I felt literally RETARDED after the plane crash and stayed that way for months, only very slowwwwwwly getting any better and it will be 7 years this july since the crash and 4 years since the “summer of chaos” and I still have ST memory problems and focus problems….I am considerably better than I was at first but not even close to where I was before the crash.
It was hard to be patient with myself (and still is to a degree) but I’m getting better at treating myself well for my ST memory problems. I know it can be frustrating and especially when I am talking to someone and there is a word I can’t find, or I tell a story twice to the same person.
I would go back to work in a heart beat if I could, not only for the money but for what it would do for me. Unfortunately at my age and with the ST memory problems, not gonna happen.
Give your woolly critters a pet on the head for me and I’ll tell my Heeland coos your critters said “hello” –mine are docked in the pond like so many ships lined up against the shore during the hot days.
Ox –
Yes, “chooks” is slang for “chickens”; and as I am a soppy thing, I call them “chookies”.
I’m so glad that none of those nasty tornadoes came your way – it’s been so sad watching it all on the news : (
My PTSD HAS been yukky again the past few weeks and I think there’s a direct link between that and my temporary “speech impediments”. It’s so disheartening when you think you are over that bit of it and then it comes back to get you. On the up side, at least I know that it will eventually pass, because I’ve already had that happen once before; I just try to focus on the fact that I won;t always be like this. xx
Aussie,
I actually STUTTER sometimes and I have never done that before. It is llike stage fright almost if I am talking to a stranger…it is frustrating though!
Honestly, to me, this 24 year-old person sounds to have taken his shpeal straight from a book that lists the characteristics of a Psychopath. Period.
Oxy –
Yep. Me too. Despite having had such lovely enunciation all of my life.

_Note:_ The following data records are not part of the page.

(* Let $\omega\in(0,1/2)$, $\tau>0$ and $a,b>0$ degrees of freedom. Suppose the test statistic $f$ satisfies $f\mid\lambda\sim\mathrm{F}_{a,b}(\lambda)$, with $\lambda\sim(1-\omega)\delta_0+\omega\,\mathrm{G}(a/2+1,\,1/(2\tau^2))$ under $\mathrm{H}_0$ and $\lambda\sim\omega\delta_0+(1-\omega)\mathrm{G}(a/2+1,\,1/(2\tau^2))$ under $\mathrm{H}_1$. Then the Bayes factor in favor of $\mathrm{H}_1$ is $$\mathrm{BF}^t_{10}(f\mid\tau^2,\omega)=\frac{\omega+(1-\omega)R}{(1-\omega)+\omega R},$$ where $R=m_1(f\mid\tau^2)/m_0(f)$, with $m_0(f)$ the central $\mathrm{F}_{a,b}$ density at $f$ and $m_1(f\mid\tau^2)$ the marginal density of $f$ when $\lambda\sim\mathrm{G}(a/2+1,1/(2\tau^2))$, and $$R=(1+\tau^2)^{-a/2-1}\,{}_2F_1\!\left(\tfrac a2+1,\ \tfrac{a+b}{2},\ \tfrac a2;\ \frac{af\tau^2}{(1+\tau^2)(b+af)}\right).$$
   Context: $\delta_0$ is the point mass at $0$. $\mathrm{F}_{a,b}(\lambda)$ is the noncentral F distribution with degrees of freedom $(a,b)$ and noncentrality parameter $\lambda$. $\mathrm{G}(\alpha,\theta)$ is the gamma distribution with shape $\alpha$ and rate $\theta$. ${}_2F_1(\alpha,\beta,\gamma;x)=\sum_{i\ge0}\frac{(\alpha)_i(\beta)_i}{(\gamma)_i\,i!}x^i$ is the Gauss hypergeometric function, $(\cdot)_i$ the rising factorial. The Bayes factor is the ratio of the marginal density of $f$ under $\mathrm{H}_1$ to that under $\mathrm{H}_0$. *)

theory Defs
  imports "HOL-Analysis.Analysis"
begin

definition hyp2F1 :: "real \<Rightarrow> real \<Rightarrow> real \<Rightarrow> real \<Rightarrow> real" where
  "hyp2F1 \<alpha> \<beta> \<gamma> x =
     (\<Sum>i. pochhammer \<alpha> i * pochhammer \<beta> i / (pochhammer \<gamma> i * fact i) * x ^ i)"

definition F_density :: "real \<Rightarrow> real \<Rightarrow> real \<Rightarrow> real" where
  "F_density a b x =
     (if x > 0 then (a / b) powr (a / 2) * x powr (a / 2 - 1)
        * (1 + a * x / b) powr (- (a + b) / 2) / Beta (a / 2) (b / 2)
      else 0)"

definition ncF_density :: "real \<Rightarrow> real \<Rightarrow> real \<Rightarrow> real \<Rightarrow> real" where
  "ncF_density a b lam x =
     (if x > 0 then
        (\<Sum>k. exp (- lam / 2) * (lam / 2) ^ k / fact k
           * (a / b) powr (a / 2 + real k) * x powr (a / 2 + real k - 1)
           * (1 + a * x / b) powr (- (a + b) / 2 - real k)
           / Beta (a / 2 + real k) (b / 2))
      else 0)"

definition gamma_density :: "real \<Rightarrow> real \<Rightarrow> real \<Rightarrow> real" where
  "gamma_density \<alpha> \<theta> x =
     (if x > 0 then \<theta> powr \<alpha> * x powr (\<alpha> - 1) * exp (- \<theta> * x) / Gamma \<alpha> else 0)"

definition m1 :: "real \<Rightarrow> real \<Rightarrow> real \<Rightarrow> real \<Rightarrow> real" where
  "m1 a b \<tau> x =
     (LINT lam|lborel. ncF_density a b lam x * gamma_density (a / 2 + 1) (1 / (2 * \<tau>\<^sup>2)) lam)"

definition spike_slab_marginal :: "real \<Rightarrow> real \<Rightarrow> real \<Rightarrow> real \<Rightarrow> real \<Rightarrow> real" where
  "spike_slab_marginal a b \<tau> p x =
     (1 - p) * ncF_density a b 0 x
     + p * (LINT lam|lborel. ncF_density a b lam x * gamma_density (a / 2 + 1) (1 / (2 * \<tau>\<^sup>2)) lam)"

text \<open>Bayes factor in favour of H1: under H0 the slab weight is omega, under H1 it is 1-omega.\<close>
definition BF10 :: "real \<Rightarrow> real \<Rightarrow> real \<Rightarrow> real \<Rightarrow> real \<Rightarrow> real" where
  "BF10 a b \<tau> \<omega> x = spike_slab_marginal a b \<tau> (1 - \<omega>) x / spike_slab_marginal a b \<tau> \<omega> x"

end

theory Submission
  imports Defs "HOL-Real_Asymp.Real_Asymp"
begin

(* Expanded as a Poisson mixture, the noncentral F density at f has k-th term F_{a,b}(f) times
   ((a+b)/2)_k / (a/2)_k * y^k with y = af/(b+af). Integrating the Poisson weights against the
   gamma prior G(a/2+1, 1/(2 tau^2)) yields negative binomial weights
   (1+tau^2)^(-a/2-1) (a/2+1)_k / k! * q^k with q = tau^2/(1+tau^2), and monotone convergence
   lets sum and integral be swapped; hence m1/m0 is (1+tau^2)^(-a/2-1) times the hypergeometric
   series at qy. Since the spike at 0 contributes the central density m0 = F_{a,b}(f), dividing
   both spike-and-slab marginals by m0 gives the Bayes factor. *)

lemma nn_integral_powr_mult_exp:
  fixes s c :: real
  assumes s: "s > 0" and c: "c > 0"
  shows "(\<integral>\<^sup>+x. ennreal (if x > 0 then x powr (s - 1) * exp (- c * x) else 0) \<partial>lborel)
       = ennreal (Gamma s / c powr s)"
proof -
  define G where "G = (\<lambda>t::real. ennreal (indicator {0..} t * t powr (s - 1) / exp t))"
  have [measurable]: "G \<in> borel_measurable borel" unfolding G_def by measurable
  have "(\<integral>\<^sup>+x. ennreal (if x > 0 then x powr (s - 1) * exp (- c * x) else 0) \<partial>lborel)
      = (\<integral>\<^sup>+x. ennreal (c powr (1 - s)) * G (c * x) \<partial>lborel)"
  proof (rule nn_integral_cong)
    fix x :: real
    have "c powr (1 - s) * (c * x) powr (s - 1) = x powr (s - 1)" if "x > 0"
      using c that by (simp add: powr_mult flip: powr_add)
    then show "ennreal (if x > 0 then x powr (s - 1) * exp (- c * x) else 0)
             = ennreal (c powr (1 - s)) * G (c * x)"
      using c by (auto simp: G_def indicator_def exp_minus field_simps zero_le_mult_iff
                      simp flip: ennreal_mult)
  qed
  also have "\<dots> = ennreal (c powr (1 - s)) * (\<integral>\<^sup>+x. G (c * x) \<partial>lborel)"
    by (rule nn_integral_cmult) measurable
  also have "(\<integral>\<^sup>+x. G (c * x) \<partial>lborel) = ennreal (1 / c) * ennreal (Gamma s)"
  proof -
    have "ennreal (Gamma s) = ennreal c * (\<integral>\<^sup>+x. G (c * x) \<partial>lborel)"
      using nn_integral_real_affine[of G c 0] c Gamma_conv_nn_integral_real[OF s] by (simp add: G_def)
    moreover have "ennreal (1 / c) * ennreal c = 1"
      using c by (simp flip: ennreal_mult)
    ultimately show ?thesis by (simp add: mult.assoc[symmetric])
  qed
  also have "ennreal (c powr (1 - s)) * (ennreal (1 / c) * ennreal (Gamma s)) = ennreal (Gamma s / c powr s)"
    using c s by (simp add: powr_diff field_simps flip: ennreal_mult)
  finally show ?thesis .
qed

lemma Gamma_add_of_nat:
  fixes x :: "'a :: Gamma"
  assumes "x \<notin> \<int>\<^sub>\<le>\<^sub>0"
  shows "Gamma (x + of_nat n) = pochhammer x n * Gamma x"
  using pochhammer_Gamma[OF assms, of n] assms by (simp add: Gamma_eq_zero_iff)

lemma Beta_add_of_nat_left:
  fixes x y :: "'a :: Gamma"
  assumes "x \<notin> \<int>\<^sub>\<le>\<^sub>0" "x + y \<notin> \<int>\<^sub>\<le>\<^sub>0"
  shows "Beta (x + of_nat n) y = Beta x y * pochhammer x n / pochhammer (x + y) n"
proof -
  have "Gamma (x + of_nat n + y) = pochhammer (x + y) n * Gamma (x + y)"
    using Gamma_add_of_nat[OF assms(2)] by (simp add: add_ac)
  moreover have "pochhammer (x + y) n \<noteq> 0"
    using assms(2) by (auto simp: pochhammer_eq_0_iff)
  ultimately show ?thesis
    using assms by (simp add: Beta_def Gamma_add_of_nat Gamma_eq_zero_iff field_simps)
qed
section \<open>Weak-* convergence of orbit averages\<close>

lemma orbit_mean_approximates_integral:
  fixes f :: "real^'n \<Rightarrow> real"
  assumes f: "torus_continuous f" and "\<epsilon> > 0"
  obtains K where "finite K" "0 \<notin> K"
    "\<And>\<eta>. \<eta> > 0 \<Longrightarrow> \<forall>\<^sub>F M in sequentially. \<forall>v\<in>nonresonant K \<eta>.
        \<bar>orbit_mean M f v - integral (cbox 0 1) f\<bar> < \<epsilon>"
proof -
  obtain p where p: "trig_poly p" and approx: "\<And>x. \<bar>f x - Re (p x)\<bar> < \<epsilon> / 3"
    using trig_poly_dense[OF f, of "\<epsilon> / 3"] \<open>\<epsilon> > 0\<close> by auto
  obtain K where K: "finite K" "0 \<notin> K" and lim: "\<And>\<eta>. \<eta> > 0 \<Longrightarrow>
      uniform_limit (nonresonant K \<eta>) (\<lambda>M. orbit_mean M p) (\<lambda>_. integral (cbox 0 1) p) sequentially"
    using uniform_limit_orbit_mean_trig_poly[OF p] by blast
  define I where "I = integral (cbox 0 1) p"
  have cont_f: "continuous_on (cbox 0 1) f"
    using f continuous_on_subset by (auto simp: torus_continuous_def)
  have cont_p: "continuous_on (cbox 0 1) p" "continuous_on (cbox 0 1) (\<lambda>x. Re (p x))"
    using p by (auto intro: continuous_on_trig_poly continuous_on_Re)
  have "Re I - integral (cbox 0 1) f = integral (cbox 0 1) (\<lambda>x. Re (p x) - f x)"
    using integral_linear[OF integrable_continuous[OF cont_p(1)] bounded_linear_Re]
    by (simp add: I_def o_def integral_diff integrable_continuous cont_f cont_p)
  also have "norm \<dots> \<le> \<epsilon> / 3 * Henstock_Kurzweil_Integration.content (cbox 0 (1::real^'n))"
    using approx \<open>\<epsilon> > 0\<close> continuous_on_diff[OF cont_p(2) cont_f]
    by (intro has_integral_bound[OF _ integrable_integral] integrable_continuous)
       (auto simp: abs_minus_commute less_imp_le)
  finally have mean: "\<bar>Re I - integral (cbox 0 1) f\<bar> \<le> \<epsilon> / 3"
    by (simp add: content_unit_cube_cart)
  show ?thesis
  proof (rule that[OF K])
    fix \<eta> :: real
    assume "\<eta> > 0"
    have "\<forall>\<^sub>F M in sequentially. \<forall>v\<in>nonresonant K \<eta>. dist (orbit_mean M p v) I < \<epsilon> / 3"
      using uniform_limitD[OF lim[OF \<open>\<eta> > 0\<close>], of "\<epsilon> / 3"] \<open>\<epsilon> > 0\<close> by (simp add: I_def)
    with eventually_gt_at_top[of 0]
    show "\<forall>\<^sub>F M in sequentially. \<forall>v\<in>nonresonant K \<eta>. \<bar>orbit_mean M f v - integral (cbox 0 1) f\<bar> < \<epsilon>"
    proof eventually_elim
      case (elim M)
      show ?case
      proof
        fix v
        assume "v \<in> nonresonant K \<eta>"
        then have "\<bar>Re (orbit_mean M p v) - Re I\<bar> < \<epsilon> / 3"
          using elim(2) abs_Re_le_cmod[of "orbit_mean M p v - I"] by (auto simp: dist_norm)
        moreover have "norm (orbit_mean M f v - orbit_mean M (\<lambda>x. Re (p x)) v) \<le> \<epsilon> / 3"
          using approx elim(1) by (intro norm_orbit_mean_diff_le) (simp add: less_imp_le)
        moreover have "orbit_mean M (\<lambda>x. Re (p x)) v = Re (orbit_mean M p v)"
          by (intro orbit_mean_linear bounded_linear.linear bounded_linear_Re)
        ultimately show "\<bar>orbit_mean M f v - integral (cbox 0 1) f\<bar> < \<epsilon>"
          using mean unfolding real_norm_def by linarith
      qed
    qed
  qed
qed

lemma orbit_average_eventually_close:
  fixes F :: "(real^'n \<Rightarrow> real) set"
  assumes "finite F" "\<forall>f\<in>F. torus_continuous f" "e > 0"
  shows "\<exists>K. finite K \<and> 0 \<notin> K \<and> (\<forall>\<eta>>0. \<forall>\<^sub>F M in sequentially. \<forall>v\<in>nonresonant K \<eta>. \<forall>f\<in>F.
           \<bar>integral\<^sup>L (orbit_average M v) f - integral\<^sup>L torus_leb f\<bar> < e)"
  using assms(1,2)
proof (induction F rule: finite_induct)
  case empty
  show ?case
    by (intro exI[of _ "{}"]) simp
next
  case (insert f F)
  then obtain K where K: "finite K" "0 \<notin> K" and close_K: "\<And>\<eta>. \<eta> > 0 \<Longrightarrow>
      \<forall>\<^sub>F M in sequentially. \<forall>v\<in>nonresonant K \<eta>. \<forall>g\<in>F.
        \<bar>integral\<^sup>L (orbit_average M v) g - integral\<^sup>L torus_leb g\<bar> < e"
    by auto
  have f: "torus_continuous f"
    using insert.prems by simp
  obtain L where L: "finite L" "0 \<notin> L" and close_L: "\<And>\<eta>. \<eta> > 0 \<Longrightarrow>
      \<forall>\<^sub>F M in sequentially. \<forall>v\<in>nonresonant L \<eta>. \<bar>orbit_mean M f v - integral (cbox 0 1) f\<bar> < e"
    using orbit_mean_approximates_integral[OF f \<open>e > 0\<close>] by blast
  have "\<forall>\<^sub>F M in sequentially. \<forall>v\<in>nonresonant (K \<union> L) \<eta>. \<forall>g\<in>insert f F.
      \<bar>integral\<^sup>L (orbit_average M v) g - integral\<^sup>L torus_leb g\<bar> < e" if "\<eta> > 0" for \<eta>
    using close_K[OF that] close_L[OF that] eventually_gt_at_top[of 0]
  proof eventually_elim
    case (elim M)
    show ?case
    proof (intro ballI)
      fix v g
      assume v: "v \<in> nonresonant (K \<union> L) \<eta>" and g: "g \<in> insert f F"
      show "\<bar>integral\<^sup>L (orbit_average M v) g - integral\<^sup>L torus_leb g\<bar> < e"
      proof (cases "g = f")
        case True
        have "integral\<^sup>L (orbit_average M v) f = orbit_mean M f v"
          by (rule integral_orbit_average[OF elim(3) f])
        moreover have "integral\<^sup>L torus_leb f = integral (cbox 0 1) f"
          using f by (intro integral_torus_leb) (simp add: torus_continuous_def)
        moreover have "v \<in> nonresonant L \<eta>"
          using v nonresonant_antimono[of L "K \<union> L"] by blast
        ultimately show ?thesis
          using elim(2) True by simp
      next
        case False
        moreover have "v \<in> nonresonant K \<eta>"
          using v nonresonant_antimono[of K "K \<union> L"] by blast
        ultimately show ?thesis
          using elim(1) g by simp
      qed
    qed
  qed
  then show ?case
    using K L by (intro exI[of _ "K \<union> L"]) auto
qed
section \<open>Neighbouring rays\<close>

lemma primitive_eq_if_parallel:
  fixes a b c d :: int
  assumes "gcd a b = 1" "gcd c d = 1" "a*d - b*c = 0" "a*c + b*d > 0"
  shows "a = c \<and> b = d"
proof -
  have ad: "a*d = b*c" using assms(3) by simp
  have cop: "coprime a b" "coprime b a" "coprime c d" "coprime d c"
    using assms(1,2) by (auto simp: coprime_iff_gcd_eq_1 gcd.commute)
  have "a dvd b*c" by (simp add: ad[symmetric])
  hence "a dvd c" using coprime_dvd_mult_right_iff[OF cop(1)] by simp
  have "c dvd a*d" by (simp add: ad)
  hence "c dvd a" using coprime_dvd_mult_left_iff[OF cop(3)] by simp
  have "b dvd a*d" by (simp add: ad)
  hence "b dvd d" using coprime_dvd_mult_right_iff[OF cop(2)] by simp
  have "d dvd b*c" by (simp add: ad[symmetric])
  hence "d dvd b" using coprime_dvd_mult_left_iff[OF cop(4)] by simp
  have ac: "\<bar>a\<bar> = \<bar>c\<bar>" using \<open>a dvd c\<close> \<open>c dvd a\<close> by (rule zdvd_antisym_abs)
  have bd: "\<bar>b\<bar> = \<bar>d\<bar>" using \<open>b dvd d\<close> \<open>d dvd b\<close> by (rule zdvd_antisym_abs)
  have c1: "c = a \<or> c = -a" using ac by arith
  have d1: "d = b \<or> d = -b" using bd by arith
  show ?thesis
  proof (cases "c = a")
    case True
    show ?thesis
    proof (cases "d = b")
      case False
      hence d: "d = -b" using d1 by simp
      have "a*b = 0" using ad True d by simp
      moreover have "a*a - b*b > 0" using assms(4) True d by simp
      ultimately have "b = 0" by auto
      thus ?thesis using True d by simp
    qed (use True in simp)
  next
    case False
    hence c: "c = -a" "a \<noteq> 0" using c1 by auto
    have "a*d = a*(-b)" using ad c by simp
    hence "d = -b" using c(2) by (metis mult_cancel_left)
    hence "a*c + b*d = -(a*a) - b*b" using c by simp
    moreover have "a*a \<ge> 0" "b*b \<ge> 0" by auto
    ultimately show ?thesis using assms(4) by linarith
  qed
qed

lemma primitive_nonzero:
  fixes v :: "int \<times> int"
  shows "gcd (fst v) (snd v) = 1 \<Longrightarrow> v \<noteq> (0,0)"
  by auto

lemma primitive_eq_if_ang_eq:
  assumes x: "gcd (fst x) (snd x) = 1" and y: "gcd (fst y) (snd y) = 1" and "ang x = ang y"
  shows "x = y"
proof -
  note nz = primitive_nonzero[OF x] primitive_nonzero[OF y]
  have "det2 x y = 0" using det2_eq_sin[OF nz] \<open>ang x = ang y\<close> by simp
  moreover have "real_of_int (fst x * fst y + snd x * snd y) > 0"
    using inner_eq_cos[OF nz] \<open>ang x = ang y\<close> cvec_nonzero[OF nz(1)] cvec_nonzero[OF nz(2)] by simp
  hence "fst x * fst y + snd x * snd y > 0" by (simp only: of_int_0_less_iff)
  ultimately show ?thesis
    using primitive_eq_if_parallel[OF x y] by (simp add: det2_def prod_eq_iff)
qed
lemma fence_bij_fixed:
  fixes p q :: "nat \<Rightarrow> nat"
  assumes p: "bij_betw p {1..n} {1..n}" and q: "bij_betw q {1..n} {1..n}"
    and adj: "\<And>i j. i \<in> {1..n} \<Longrightarrow> j \<in> {1..n} \<Longrightarrow>
                (p i = q j \<or> p i = Suc (q j)) \<longleftrightarrow> (i = j \<or> i = Suc j)"
    and i: "i \<in> {1..n}"
  shows "p i = i \<and> q i = i"
proof -
  have p_inj: "p i = p j \<Longrightarrow> i \<in> {1..n} \<Longrightarrow> j \<in> {1..n} \<Longrightarrow> i = j" for i j
    using p by (auto simp: bij_betw_def dest: inj_onD)
  have q_inj: "q i = q j \<Longrightarrow> i \<in> {1..n} \<Longrightarrow> j \<in> {1..n} \<Longrightarrow> i = j" for i j
    using q by (auto simp: bij_betw_def dest: inj_onD)
  have q_step: "q i = i" if i: "i \<in> {1..n}" "p i = i" and prev: "2 \<le> i \<Longrightarrow> q (i - 1) = i - 1" for i
  proof (rule ccontr)
    assume "q i \<noteq> i"
    then have "i = Suc (q i)" using adj[OF i(1) i(1)] i(2) by auto
    moreover have "q i \<in> {1..n}" using bij_betwE[OF q] i(1) by simp
    ultimately have "q i = q (i - 1)" "i - 1 \<in> {1..n}" using prev by auto
    then show False using q_inj i(1) \<open>i = Suc (q i)\<close> by fastforce
  qed
  have p_step: "p (Suc m) = Suc m" if m: "Suc m \<le> n" "1 \<le> m" "p m = m" "q m = m" for m
  proof -
    have "p (Suc m) = m \<or> p (Suc m) = Suc m" using adj[of "Suc m" m] m by auto
    moreover have "p (Suc m) \<noteq> m" using p_inj[of "Suc m" m] m by auto
    ultimately show ?thesis by blast
  qed
  have "Suc m \<le> n \<Longrightarrow> p (Suc m) = Suc m \<and> q (Suc m) = Suc m" for m
  proof (induction m)
    case 0
    then show ?case using fence_bij_fixes_first[OF p q adj] q_step[of 1] by simp
  next
    case (Suc m)
    then have "p (Suc (Suc m)) = Suc (Suc m)" using p_step[of "Suc m"] by simp
    then show ?case using q_step[of "Suc (Suc m)"] Suc by simp
  qed
  then show ?thesis using i by (cases i) auto
qed

locale U_automorphism = U_poset +
  fixes \<Psi> :: "Uel \<Rightarrow> Uel"
  assumes aut: "\<Psi> \<in> Aut n G \<B>"

sublocale U_automorphism \<subseteq> order_automorphism U leU \<Psi>
  using aut unfolding Aut_def by unfold_locales auto

lemma (in U_poset) U_automorphismI: "\<Psi> \<in> Aut n G \<B> \<Longrightarrow> U_automorphism n G \<B> \<Psi>"
  by unfold_locales

context U_automorphism
begin

lemma Tp_layer_iff: "x \<in> U \<Longrightarrow> \<Psi> x \<in> Tp ` {1..n} \<longleftrightarrow> x \<in> Tp ` {1..n}"
  using maximal_in_iff by (simp add: maximal_in_U_iff)

lemma Tp_layer_image: "\<Psi> ` (Tp ` {1..n}) = Tp ` {1..n}"
proof (rule image_eq_if_invariant)
  show "Tp ` {1..n} \<subseteq> U" by auto
qed (rule Tp_layer_iff)

lemma Up_layer_iff: "x \<in> U \<Longrightarrow> \<Psi> x \<in> Up ` {1..n} \<longleftrightarrow> x \<in> Up ` {1..n}"
  using height_one_in_iff by (simp add: height_one_in_U_iff)

lemma bottom_layer_iff: "x \<in> U \<Longrightarrow> \<Psi> x \<in> Lo ` {1..n} \<union> Gr ` G \<longleftrightarrow> x \<in> Lo ` {1..n} \<union> Gr ` G"
  using minimal_in_iff by (simp add: minimal_in_U_iff)

lemma Lo_layer_iff: assumes "x \<in> U" shows "\<Psi> x \<in> Lo ` {1..n} \<longleftrightarrow> x \<in> Lo ` {1..n}"
proof (cases "x \<in> Lo ` {1..n} \<union> Gr ` G")
  case True
  have "Up ` {1..n} \<subseteq> U" by auto
  then have "(\<exists>y\<in>Up ` {1..n}. leU (\<Psi> x) y) \<longleftrightarrow> (\<exists>y\<in>Up ` {1..n}. leU x y)"
    using bex_le_invariant_iff[OF _ Up_layer_iff assms] by blast
  then show ?thesis using True below_Up_iff bottom_layer_iff assms by metis
next
  case False
  then show ?thesis using bottom_layer_iff assms by blast
qed

lemma Gr_layer_iff: "x \<in> U \<Longrightarrow> \<Psi> x \<in> Gr ` G \<longleftrightarrow> x \<in> Gr ` G"
proof -
  have "z \<in> Gr ` G \<longleftrightarrow> z \<in> Lo ` {1..n} \<union> Gr ` G \<and> z \<notin> Lo ` {1..n}" for z
    by auto
  then show "x \<in> U \<Longrightarrow> ?thesis" using bottom_layer_iff Lo_layer_iff by presburger
qed

lemma layer_index_bij:
  assumes C: "inj C" "\<And>i. i \<in> {1..n} \<Longrightarrow> C i \<in> U"
    and layer: "\<And>x. x \<in> U \<Longrightarrow> \<Psi> x \<in> C ` {1..n} \<longleftrightarrow> x \<in> C ` {1..n}"
  obtains p where "bij_betw p {1..n} {1..n}" "\<And>i. i \<in> {1..n} \<Longrightarrow> \<Psi> (C i) = C (p i)"
proof
  define p where "p i = the_inv C (\<Psi> (C i))" for i
  have p: "p i \<in> {1..n} \<and> \<Psi> (C i) = C (p i)" if "i \<in> {1..n}" for i
    using layer[OF C(2)[OF that]] that C(1) unfolding p_def by (auto simp: the_inv_f_f)
  then show "\<Psi> (C i) = C (p i)" if "i \<in> {1..n}" for i
    using that by blast
  have "inj_on p {1..n}"
    using p C apply_eq_iff by (metis inj_onI inj_eq)
  moreover have "p ` {1..n} \<subseteq> {1..n}" using p by blast
  ultimately show "bij_betw p {1..n} {1..n}"
    using endo_inj_surj[of "{1..n}" p] by (simp add: bij_betw_def)
qed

I was petrified until I learned it was part of the PTSD and also that you can have periods of it with Fibro.
Now when it happens, I can at least laugh it off.
Yea, Eden, that is kind of what I was thinking too….it just sounded too pat. Not that he might not actually BE one, I just don’t think he or any P that I have personally known would “label”themselves that or actually SEE what they are. But, I haven’t known every one in the world who is a P so maybe this guy is another Sam Vaknin. LOL
Oxy,
You may not be able to go back to work in exactly the same venue as before………..
But have you ever thought about TEACHING? Even with the ST, etc?
At a community college perhaps? We have several retired Nurses and docs who teach at our Community College?
LL
Yes, Ox! I concur. They don’t/cannot see it that precisely.